Richmond man’s holiday tradition celebrates a second chance at life

Jim Price reads "The Night Before Christmas" to his young grandson.

For Jim Price, the holiday traditions start with a brisk 8K on a cold November morning each year.

“Not long after my liver transplant, I was up and walking again and I got to talking big and bragging and I said ‘I’m going to get good enough where I can do the 8K in the Richmond Marathon,’” he said. “My son said ‘well if you make it, I’ll do it with you.”

Jim with his son, Andrew, at the 2017 Richmond Marathon 8K.

Twelve weeks after he got a new liver, Jim did indeed show up at the VCU Health 8K on Richmond Marathon day in November 2013.

“If you make it, I’ll do it with you.”

The next year, he did it again. And then again the year after that. And the year after that and the year after that.

“This is my fifth one,” he said recently. “I’d love to do it every year til my grandson and granddaughter can do it with me.”

Jim’s 8K helps to keep him motivated to stay in shape – a critical step to staying healthy after his 2013 liver transplant. It also kicks off the holiday season for the Price family.

“It always takes place a week or two before Thanksgiving so once this is done, we really start into the holiday season,” he said.

Getting there

At the age of 62, Jim is making the most of his second chance. Six years ago, he wasn’t thinking about 8Ks, or Thanksgiving, or Christmas. He was just trying to stay alive.

For about 10 years, Jim had been in a treatment program for hepatitis C, which causes liver failure. So far, he had been managing without a transplant, although he said he was “kind of aware” that at some point in the future, one might be needed.

“Things went downhill after that.”

That point came in 2012, when Jim had his gall bladder removed.

“Things went downhill after that,” he said.

Before the end of the year, he had been diagnosed with liver cancer. A tumor was removed from his liver in January 2013 and another one was removed three months later.

Jim celebrating the holidays with his family at the Jefferson Hotel in Richmond, Virginia.

It wasn’t enough — Jim needed a new liver and quickly.

“I probably would have been around for the holidays in 2013 but I definitely wouldn’t have made it to the holidays in 2014,” he said.

Jim went on the transplant list. But people with cancer aren’t always good candidates for transplants so Jim and his family held their breath, waiting for his MRI in July to determine whether there were more tumors in his liver. If a tumor showed up that exceeded the maximum size criteria, he’d be taken off the transplant list, treated for the tumor, and then he’d have to wait until he was healthy enough to be put back on the list to wait again, all the while hoping another tumor didn’t show up in the next MRI three months later.

The July MRI had good results – no tumors. Jim was cleared for a transplant and in August, the call came.

Jim got a new liver at the end of August. During his recovery, the doctor told him that when they took his liver out, they saw what the MRI a month earlier hadn’t picked up – there was a tumor in his liver.

“I was lucky,” he said. “There was a really small window in that three months between MRIs.
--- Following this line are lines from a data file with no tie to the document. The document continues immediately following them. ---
lemma form_poly_realises_form_values:
  assumes "n \<ge> 1"
  obtains F where "vars_below n F" "n \<ge> 2 \<longrightarrow> is_form F"
    "range (\<lambda>u. form_value u 1) \<subseteq> mpoly_eval F ` int_points n"
    "mpoly_eval F ` int_points n \<subseteq> {form_value u w | u w. True}"
proof (cases "n \<ge> 2")
  case True
  define F where "F = form_poly (mvar 0) (mvar 1)"
  have "vars_below n F"
    unfolding F_def using True by (intro vars_below_form_poly vars_below_mvar) auto
  moreover have "is_form F"
    unfolding F_def
    by (rule homogeneous_imp_is_form[OF homogeneous_form_poly[OF homogeneous_mvar homogeneous_mvar]])
  moreover have "form_value u 1 \<in> mpoly_eval F ` int_points n" for u
  proof
    show "(\<lambda>i. if i = 0 then u else if i = 1 then 1 else 0) \<in> int_points n"
      using True by (auto simp: int_points_def)
  qed (simp add: F_def mpoly_eval_form_poly mpoly_eval_mvar)
  moreover have "mpoly_eval F ` int_points n \<subseteq> {form_value u w | u w. True}"
    by (auto simp: F_def mpoly_eval_form_poly mpoly_eval_mvar)
  ultimately show ?thesis
    using that by blast
next
  case False
  define F where "F = form_poly (mvar 0) 1"
  have "vars_below n F"
    unfolding F_def using assms by (intro vars_below_form_poly vars_below_mvar vars_below_one) auto
  moreover have "form_value u 1 \<in> mpoly_eval F ` int_points n" for u
  proof
    show "(\<lambda>i. if i = 0 then u else 0) \<in> int_points n"
      using assms by (auto simp: int_points_def)
  qed (simp add: F_def mpoly_eval_form_poly mpoly_eval_mvar mpoly_eval_one)
  moreover have "mpoly_eval F ` int_points n \<subseteq> {form_value u w | u w. True}"
    by (auto simp: F_def mpoly_eval_form_poly mpoly_eval_mvar)
  ultimately show ?thesis
    using that False by blast
qed

lemma ratio_set_eq_int_quotients: "ratio_set n F = int_quotients (mpoly_eval F ` int_points n)"
  unfolding ratio_set_def int_quotients_def by blast

theorem theorem1p7:
  fixes n :: nat
  assumes "n \<ge> 1"
  shows "\<exists>(F::int_mpoly) (p::nat) (M::real).
           vars_below n F \<and> (n \<ge> 2 \<longrightarrow> is_form F) \<and> prime p \<and> M > 0 \<and>
           padic_dense p (ratio_set n F) \<and>
           (\<forall>q::nat. prime q \<and> real q > M \<longrightarrow> \<not> padic_dense q (ratio_set n F))"
proof -
  obtain F where F: "vars_below n F" "n \<ge> 2 \<longrightarrow> is_form F"
    and realised: "range (\<lambda>u. form_value u 1) \<subseteq> mpoly_eval F ` int_points n"
      "mpoly_eval F ` int_points n \<subseteq> {form_value u w | u w. True}"
    by (rule form_poly_realises_form_values[OF assms])
  have "padic_dense 2 (ratio_set n F)"
    unfolding ratio_set_eq_int_quotients
    by (rule padic_dense_mono[OF padic_dense_two_form_quotients int_quotients_mono[OF realised(1)]])
  moreover have "\<not> padic_dense q (ratio_set n F)" if "prime q" "real q > 4" for q
    unfolding ratio_set_eq_int_quotients
    by (rule not_padic_dense_form_quotients[OF that(1) _ realised(2)]) (use that(2) in simp)
  ultimately show ?thesis
    using F by (intro exI[of _ F] exI[of _ 2] exI[of _ "4::real"]) auto
qed

end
It probably would have showed up on the next MRI but I got the transplant in that window before they saw it.”

Home for the holidays

And just like that, Jim was on the road to recovery. He went back to work in his job as a salesman for a local lumber company. And just 12 weeks after his transplant, he and his son did their first 8K together.

Jim with his grandson.

A couple weeks later, he celebrated Thanksgiving with his wife, son and grandson, Tate.

“My grandson turned 1 about the same time I got my liver transplant,” Jim said. “I don’t remember much about his first year because I was so sick. But after the transplant, everything changed.”

Jim was home for Christmas that year – as he has been every year since.

“We decorate the house well and we eat well. We go to church on Christmas Eve and we just enjoy being together,” he said. “It makes Christmas a little extra special having little ones around.”

Jim’s granddaughter, Parker, holds his medal for running in the Richmond marathon 8K.

“Little ones” plural because Tate’s sister Parker was born 21 months ago.

“It just gets emotional when I look back and realize I might not have been here when she was born,” he said, voice cracking.

This Christmas will be extra special, Jim said, because his daughter is coming in from Wisconsin with his two older grandchildren, Matt and Bobby.

But he’s decided against a real tree.

“I guess I concede to being an old man because I don’t want to go out and buy a real tree,” he said, before confessing that it isn’t the effort — it’s the floors.

“I got to be around for my granddaughter to be born. I get to celebrate the holidays with my family. That’s everything.”

Jim Price opens gifts with his grandson.

“My wife and I just redid the floors in the house after 30-some years of kids running all over them,” he said. “We don’t want to drag a real tree across it and get water all over the new floors. So we’re getting a fake tree for the first time.”

As he prepares for his fifth Christmas with his new liver, Jim said he often thinks about the organ donor who gave him a chance to be here.

“I wouldn’t be here,” he said. “But I can still work and now I do 8Ks and I really would like to continue to do that until my grandchildren can do it with me. I got to be around for my granddaughter to be born. I get to celebrate the holidays with my family. That’s everything.”